MATERIAL FOR THIS TASK:
(* Let $L$ be a principal element lattice and $n\ge1$. The following statements are equivalent: (1) Every proper element of $L$ is a strongly quasi $n$-absorbing element of $L$. (2) For all $a,b\in L$, $a^n=a^nb$ or $a^{n-1}b=a^nb$. (3) For all $a_1,a_2,\dots,a_{n+1}\in L$, $(a_1\wedge a_2\wedge\cdots\wedge a_n)^n\le a_1a_2\cdots a_{n+1}$ or $(a_1\wedge a_2\wedge\cdots\wedge a_n)^{n-1}a_{n+1}\le a_1a_2\cdots a_{n+1}$.
   Context: A multiplicative lattice is a complete lattice $L$ with least element $0$ and compact greatest element $1$, equipped with a commutative, associative product that distributes over arbitrary joins and has $1$ as multiplicative identity. For $x,y\in L$, $(x:y)=\bigvee\{z: zy\le x\}$. An element $e$ is principal if $a\wedge be=((a:e)\wedge b)e$ and $(ae\vee b):e=(b:e)\vee a$ for all $a,b\in L$; a principal element lattice is a multiplicative lattice in which every element is principal. $a^0=1$. A proper element $q$ ($q<1$) is strongly quasi $n$-absorbing if whenever $a,b\in L$ (not necessarily compact) satisfy $a^nb\le q$, then $a^n\le q$ or $a^{n-1}b\le q$. *)

theory Defs
  imports Main
begin

class multiplicative_lattice = complete_lattice + comm_monoid_mult +
  assumes one_eq_top: "1 = top"
  assumes mult_Sup_distrib: "x * Sup S = Sup ((\<lambda>s. x * s) ` S)"
  assumes top_compact: "top \<le> Sup S \<Longrightarrow> \<exists>F. finite F \<and> F \<subseteq> S \<and> top \<le> Sup F"

definition residual :: "'a::multiplicative_lattice \<Rightarrow> 'a \<Rightarrow> 'a" where
  "residual x y = Sup {z. z * y \<le> x}"

definition principal :: "'a::multiplicative_lattice \<Rightarrow> bool" where
  "principal e \<longleftrightarrow>
     (\<forall>a b. inf a (b * e) = inf (residual a e) b * e) \<and>
     (\<forall>a b. residual (sup (a * e) b) e = sup (residual b e) a)"

definition principal_element_lattice :: "'a::multiplicative_lattice itself \<Rightarrow> bool" where
  "principal_element_lattice _ \<longleftrightarrow> (\<forall>e::'a. principal e)"

definition strongly_quasi_n_absorbing :: "nat \<Rightarrow> 'a::multiplicative_lattice \<Rightarrow> bool" where
  "strongly_quasi_n_absorbing n q \<longleftrightarrow> q < top \<and>
     (\<forall>a b. a ^ n * b \<le> q \<longrightarrow> a ^ n \<le> q \<or> a ^ (n - 1) * b \<le> q)"

end

theory Submission
  imports Defs
begin

text \<open>Multiplication in a multiplicative lattice is monotone and deflationary
(since \<open>1 = top\<close>), so \<open>a^n b \<le> a^n\<close> and \<open>a^n b \<le> a^(n-1) b\<close> always hold.
Each alternative in (1) and (2) thus just asks one of these two inequalities to be
an equality, which makes (1) and (2) equivalent. For (3), the meet \<open>c\<close> of
\<open>a\<^sub>1, \<dots>, a\<^sub>n\<close> satisfies \<open>c^n a\<^sub>n\<^sub>+\<^sub>1 \<le> a\<^sub>1 \<cdots> a\<^sub>n\<^sub>+\<^sub>1\<close>, so (2) for \<open>c\<close> and
\<open>a\<^sub>n\<^sub>+\<^sub>1\<close> gives (3); conversely (3) for the sequence \<open>a, \<dots>, a, b\<close> is (2).\<close>

lemma mult_left_mono_ml:
  fixes x y z :: "'a::multiplicative_lattice"
  assumes "x \<le> y"
  shows "z * x \<le> z * y"
proof -
  have "sup (z * x) (z * y) = z * Sup {x, y}"
    using mult_Sup_distrib[of z "{x, y}"] by simp
  also have "\<dots> = z * y"
    using assms by (simp add: sup_absorb2)
  finally show ?thesis
    by (metis sup.cobounded1)
qed

lemma mult_mono_ml:
  fixes x y u v :: "'a::multiplicative_lattice"
  assumes "x \<le> y" and "u \<le> v"
  shows "x * u \<le> y * v"
  using mult_left_mono_ml[OF assms(2), of x] mult_left_mono_ml[OF assms(1), of v]
  by (simp add: mult.commute)

lemma mult_le_left_ml:
  fixes x y :: "'a::multiplicative_lattice"
  shows "x * y \<le> x"
proof -
  have "y \<le> 1"
    by (simp add: one_eq_top)
  then show ?thesis
    using mult_left_mono_ml[of y 1 x] by simp
qed

lemma power_mult_le_pred_power_mult:
  fixes x b :: "'a::multiplicative_lattice"
  assumes "n \<ge> 1"
  shows "x ^ n * b \<le> x ^ (n - 1) * b"
proof -
  have "x ^ n * b = (x ^ (n - 1) * b) * x"
    using assms by (cases n) (simp_all add: ac_simps)
  then show ?thesis
    by (simp add: mult_le_left_ml)
qed

lemma power_le_prod_ml:
  fixes c :: "'a::multiplicative_lattice"
  assumes "\<And>i. 1 \<le> i \<Longrightarrow> i \<le> k \<Longrightarrow> c \<le> a i"
  shows "c ^ k \<le> (\<Prod>i=1..k. a i)"
  using assms
proof (induction k)
  case 0
  then show ?case by simp
next
  case (Suc k)
  have "c ^ Suc k = c ^ k * c"
    by (simp add: mult.commute)
  also have "\<dots> \<le> (\<Prod>i=1..k. a i) * a (Suc k)"
    using Suc by (intro mult_mono_ml) auto
  also have "\<dots> = (\<Prod>i=1..Suc k. a i)"
    by (simp add: prod.cl_ivl_Suc)
  finally show ?case .
qed

lemma power_dichotomy_le_iff_eq:
  fixes x b :: "'a::multiplicative_lattice"
  assumes "n \<ge> 1"
  shows "(x ^ n \<le> x ^ n * b \<or> x ^ (n - 1) * b \<le> x ^ n * b) \<longleftrightarrow>
         (x ^ n = x ^ n * b \<or> x ^ (n - 1) * b = x ^ n * b)"
  using mult_le_left_ml[of "x ^ n" b] power_mult_le_pred_power_mult[OF assms, of x b]
  by (auto intro: order_antisym)

lemma all_strongly_quasi_n_absorbing_iff:
  assumes "n \<ge> 1"
  shows "(\<forall>q::'a::multiplicative_lattice. q < top \<longrightarrow> strongly_quasi_n_absorbing n q) \<longleftrightarrow>
         (\<forall>a b::'a. a ^ n = a ^ n * b \<or> a ^ (n - 1) * b = a ^ n * b)"
proof
  assume absorbing: "\<forall>q::'a. q < top \<longrightarrow> strongly_quasi_n_absorbing n q"
  show "\<forall>a b::'a. a ^ n = a ^ n * b \<or> a ^ (n - 1) * b = a ^ n * b"
  proof (intro allI)
    fix a b :: 'a
    show "a ^ n = a ^ n * b \<or> a ^ (n - 1) * b = a ^ n * b"
    proof (cases "a ^ n * b = top")
      case True
      then have "a ^ n = top"
        using mult_le_left_ml[of "a ^ n" b] top.extremum_uniqueI by metis
      with True show ?thesis by simp
    next
      case False
      then have "a ^ n \<le> a ^ n * b \<or> a ^ (n - 1) * b \<le> a ^ n * b"
        using absorbing top.not_eq_extremum
        unfolding strongly_quasi_n_absorbing_def by blast
      then show ?thesis
        using power_dichotomy_le_iff_eq[OF assms] by blast
    qed
  qed
next
  assume "\<forall>a b::'a. a ^ n = a ^ n * b \<or> a ^ (n - 1) * b = a ^ n * b"
  then show "\<forall>q::'a. q < top \<longrightarrow> strongly_quasi_n_absorbing n q"
    unfolding strongly_quasi_n_absorbing_def by metis
qed

lemma power_dichotomy_iff_Inf_prod:
  assumes "n \<ge> 1"
  shows "(\<forall>a b::'a::multiplicative_lattice. a ^ n = a ^ n * b \<or> a ^ (n - 1) * b = a ^ n * b) \<longleftrightarrow>
         (\<forall>a :: nat \<Rightarrow> 'a.
            (INF i\<in>{1..n}. a i) ^ n \<le> (\<Prod>i=1..n+1. a i) \<or>
            (INF i\<in>{1..n}. a i) ^ (n - 1) * a (n + 1) \<le> (\<Prod>i=1..n+1. a i))"
proof
  assume dichotomy: "\<forall>a b::'a. a ^ n = a ^ n * b \<or> a ^ (n - 1) * b = a ^ n * b"
  show "\<forall>a :: nat \<Rightarrow> 'a.
          (INF i\<in>{1..n}. a i) ^ n \<le> (\<Prod>i=1..n+1. a i) \<or>
          (INF i\<in>{1..n}. a i) ^ (n - 1) * a (n + 1) \<le> (\<Prod>i=1..n+1. a i)"
  proof
    fix a :: "nat \<Rightarrow> 'a"
    define c where "c = (INF i\<in>{1..n}. a i)"
    have "c ^ n \<le> (\<Prod>i=1..n. a i)"
      by (rule power_le_prod_ml) (auto simp: c_def intro: INF_lower)
    then have "c ^ n * a (n + 1) \<le> (\<Prod>i=1..n+1. a i)"
      using mult_mono_ml[OF _ order_refl] by (simp add: prod.cl_ivl_Suc)
    then show "c ^ n \<le> (\<Prod>i=1..n+1. a i) \<or> c ^ (n - 1) * a (n + 1) \<le> (\<Prod>i=1..n+1. a i)"
      using dichotomy[rule_format, of c "a (n + 1)"] by auto
  qed
next
  assume meet_bound: "\<forall>a :: nat \<Rightarrow> 'a.
          (INF i\<in>{1..n}. a i) ^ n \<le> (\<Prod>i=1..n+1. a i) \<or>
          (INF i\<in>{1..n}. a i) ^ (n - 1) * a (n + 1) \<le> (\<Prod>i=1..n+1. a i)"
  show "\<forall>a b::'a. a ^ n = a ^ n * b \<or> a ^ (n - 1) * b = a ^ n * b"
  proof (intro allI)
    fix x b :: 'a
    define f where "f = (\<lambda>i::nat. if i \<le> n then x else b)"
    have "f ` {1..n} = {x}"
      using assms by (auto simp: f_def image_def)
    then have meet: "(INF i\<in>{1..n}. f i) = x"
      by simp
    have "(\<Prod>i=1..n. f i) = (\<Prod>i=1..n. x)"
      by (rule prod.cong) (auto simp: f_def)
    then have "(\<Prod>i=1..n+1. f i) = x ^ n * b"
      by (simp add: prod.cl_ivl_Suc f_def)
    then have "x ^ n \<le> x ^ n * b \<or> x ^ (n - 1) * b \<le> x ^ n * b"
      using meet_bound[rule_format, of f] meet by (simp add: f_def)
    then show "x ^ n = x ^ n * b \<or> x ^ (n - 1) * b = x ^ n * b"
      using power_dichotomy_le_iff_eq[OF assms] by blast
  qed
qed

theorem mainTheorem14:
  fixes n :: nat
  assumes "principal_element_lattice TYPE('a::multiplicative_lattice)"
    and "n \<ge> 1"
  shows "((\<forall>q::'a. q < top \<longrightarrow> strongly_quasi_n_absorbing n q) \<longleftrightarrow>
           (\<forall>a b::'a. a ^ n = a ^ n * b \<or> a ^ (n - 1) * b = a ^ n * b)) \<and>
         ((\<forall>a b::'a. a ^ n = a ^ n * b \<or> a ^ (n - 1) * b = a ^ n * b) \<longleftrightarrow>
           (\<forall>a :: nat \<Rightarrow> 'a.
              (INF i\<in>{1..n}. a i) ^ n \<le> (\<Prod>i=1..n+1. a i) \<or>
              (INF i\<in>{1..n}. a i) ^ (n - 1) * a (n + 1) \<le> (\<Prod>i=1..n+1. a i)))"
  using all_strongly_quasi_n_absorbing_iff[OF assms(2)]
    power_dichotomy_iff_Inf_prod[OF assms(2)]
  by blast

end
lemma set_integral_Mstar_mult_Fn:
  assumes "open_dyn_system M A T" and "\<forall>j\<in>{1..n}. Linf_on M A (\<psi> j)"
    and "f \<in> Fn M A T \<psi> n \<alpha>" and "lam 0 = 0"
  shows "set_integrable M A (\<lambda>x. Mstar A T \<psi> n \<alpha> lam x * f x)"
    and "(LINT x:A|M. Mstar A T \<psi> n \<alpha> lam x * f x) = 0"
proof -
  define h where "h j x = (indicator (A1 A T) x * \<psi> j (T x) - \<alpha> * \<psi> j x) * f x" for j x
  have "set_integrable M A f"
    and moments: "\<forall>j\<in>{1..n}. (LINT x:A|M. h j x) = 0"
    using assms(3) unfolding Fn_def h_def by auto
  then have h: "set_integrable M A (h j)" if "j \<in> {1..n}" for j
    unfolding h_def using set_integrable_moment[OF assms(1)] assms(2) that by blast
  have Mstar_f: "Mstar A T \<psi> n \<alpha> lam x * f x = (\<Sum>j=1..n. lam j * h j x)" for x
    unfolding Mstar_def h_def using assms(4)
    by (simp add: sum_distrib_left sum_distrib_right sum_subtractf right_diff_distrib mult_ac)
  have indicator_Mstar_f: "indicator A x * (Mstar A T \<psi> n \<alpha> lam x * f x)
      = (\<Sum>j=1..n. lam j * (indicator A x * h j x))" for x
    unfolding Mstar_f by (simp add: sum_distrib_left mult.left_commute)
  have hA: "integrable M (\<lambda>x. lam j * (indicator A x * h j x))" if "j \<in> {1..n}" for j
    using h[OF that] by (simp add: set_integrable_def)
  then have "integrable M (\<lambda>x. \<Sum>j=1..n. lam j * (indicator A x * h j x))"
    by (rule Bochner_Integration.integrable_sum)
  then show "set_integrable M A (\<lambda>x. Mstar A T \<psi> n \<alpha> lam x * f x)"
    by (simp add: set_integrable_def indicator_Mstar_f)
  have "(LINT x:A|M. Mstar A T \<psi> n \<alpha> lam x * f x)
      = (\<integral>x. (\<Sum>j=1..n. lam j * (indicator A x * h j x)) \<partial>M)"
    by (simp add: set_lebesgue_integral_def indicator_Mstar_f)
  also have "\<dots> = (\<Sum>j=1..n. lam j * (LINT x:A|M. h j x))"
    by (subst Bochner_Integration.integral_sum[OF hA]) (simp_all add: set_lebesgue_integral_def)
  also have "\<dots> = 0"
    using moments by simp
  finally show "(LINT x:A|M. Mstar A T \<psi> n \<alpha> lam x * f x) = 0" .
qed

lemma Fn_vanishes_on_Mstar_support:
  assumes "open_dyn_system M A T" and "\<forall>j\<in>{1..n}. Linf_on M A (\<psi> j)"
    and "f \<in> Fn M A T \<psi> n \<alpha>"
    and "lam 0 = 0" and "AE x in M. x \<in> A \<longrightarrow> Mstar A T \<psi> n \<alpha> lam x \<le> 0"
  shows "AE x in M. x \<in> A \<and> Mstar A T \<psi> n \<alpha> lam x \<noteq> 0 \<longrightarrow> f x = 0"
proof -
  define G where "G x = indicator A x * (Mstar A T \<psi> n \<alpha> lam x * f x)" for x
  have f_nonneg: "AE x in M. x \<in> A \<longrightarrow> 0 \<le> f x"
    using assms(3) unfolding Fn_def by auto
  have "integrable M G" and "integral\<^sup>L M G = 0"
    using set_integral_Mstar_mult_Fn[where lam=lam, OF assms(1-4)]
    unfolding G_def set_integrable_def set_lebesgue_integral_def by simp_all
  moreover have "AE x in M. 0 \<le> - G x"
    using assms(5) f_nonneg
    by eventually_elim (auto simp: G_def indicator_def mult_nonpos_nonneg)
  ultimately have "AE x in M. - G x = 0"
    using integral_nonneg_eq_0_iff_AE[of M "\<lambda>x. - G x"] by simp
  then show ?thesis
    by eventually_elim (auto simp: G_def)
qed

lemma sum_apply: "(\<Sum>b\<in>B. F b) x = (\<Sum>b\<in>B. F b x :: 'c::comm_monoid_add)"
  by (induction B rule: infinite_finite_induct) auto

interpretation real_seq: vector_space "\<lambda>(c::real) (lam::nat \<Rightarrow> real) j. c * lam j"
  by unfold_locales (auto simp: algebra_simps fun_eq_iff)

lemma finite_spanning_subset:
  assumes "\<forall>lam\<in>C. \<forall>j>n. lam j = 0"
  obtains B where "finite B" "B \<subseteq> C" "C \<subseteq> real_seq.span B"
proof -
  obtain B where B: "B \<subseteq> C" "real_seq.independent B" "C \<subseteq> real_seq.span B"
    using real_seq.maximal_independent_subset by blast
  define E where "E = (\<lambda>i j. if j = i then 1 else (0::real)) ` {0..n}"
  have "C \<subseteq> real_seq.span E"
  proof
    fix lam assume "lam \<in> C"
    then have "lam = (\<Sum>i\<in>{0..n}. (\<lambda>j. lam i * (if j = i then 1 else 0)))"
      using assms by (auto simp: fun_eq_iff sum_apply if_distrib sum.delta' cong: if_cong)
    also have "\<dots> \<in> real_seq.span E"
      unfolding E_def by (intro real_seq.span_sum real_seq.span_scale real_seq.span_base) auto
    finally show "lam \<in> real_seq.span E" .
  qed
  then have "finite B"
    using real_seq.independent_span_bound[of E B] B unfolding E_def by auto
  with B that show ?thesis by blast
qed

WHAT IS BEING ASKED:
Reading through the records above, report each line in which the string "close" is found.

RESULT FOR THIS TASK:
(since \<open>1 = top\<close>), so \<open>a^n b \<le> a^n\<close> and \<open>a^n b \<le> a^(n-1) b\<close> always hold.
an equality, which makes (1) and (2) equivalent. For (3), the meet \<open>c\<close> of
\<open>a\<^sub>1, \<dots>, a\<^sub>n\<close> satisfies \<open>c^n a\<^sub>n\<^sub>+\<^sub>1 \<le> a\<^sub>1 \<cdots> a\<^sub>n\<^sub>+\<^sub>1\<close>, so (2) for \<open>c\<close> and
\<open>a\<^sub>n\<^sub>+\<^sub>1\<close> gives (3); conversely (3) for the sequence \<open>a, \<dots>, a, b\<close> is (2).\<close>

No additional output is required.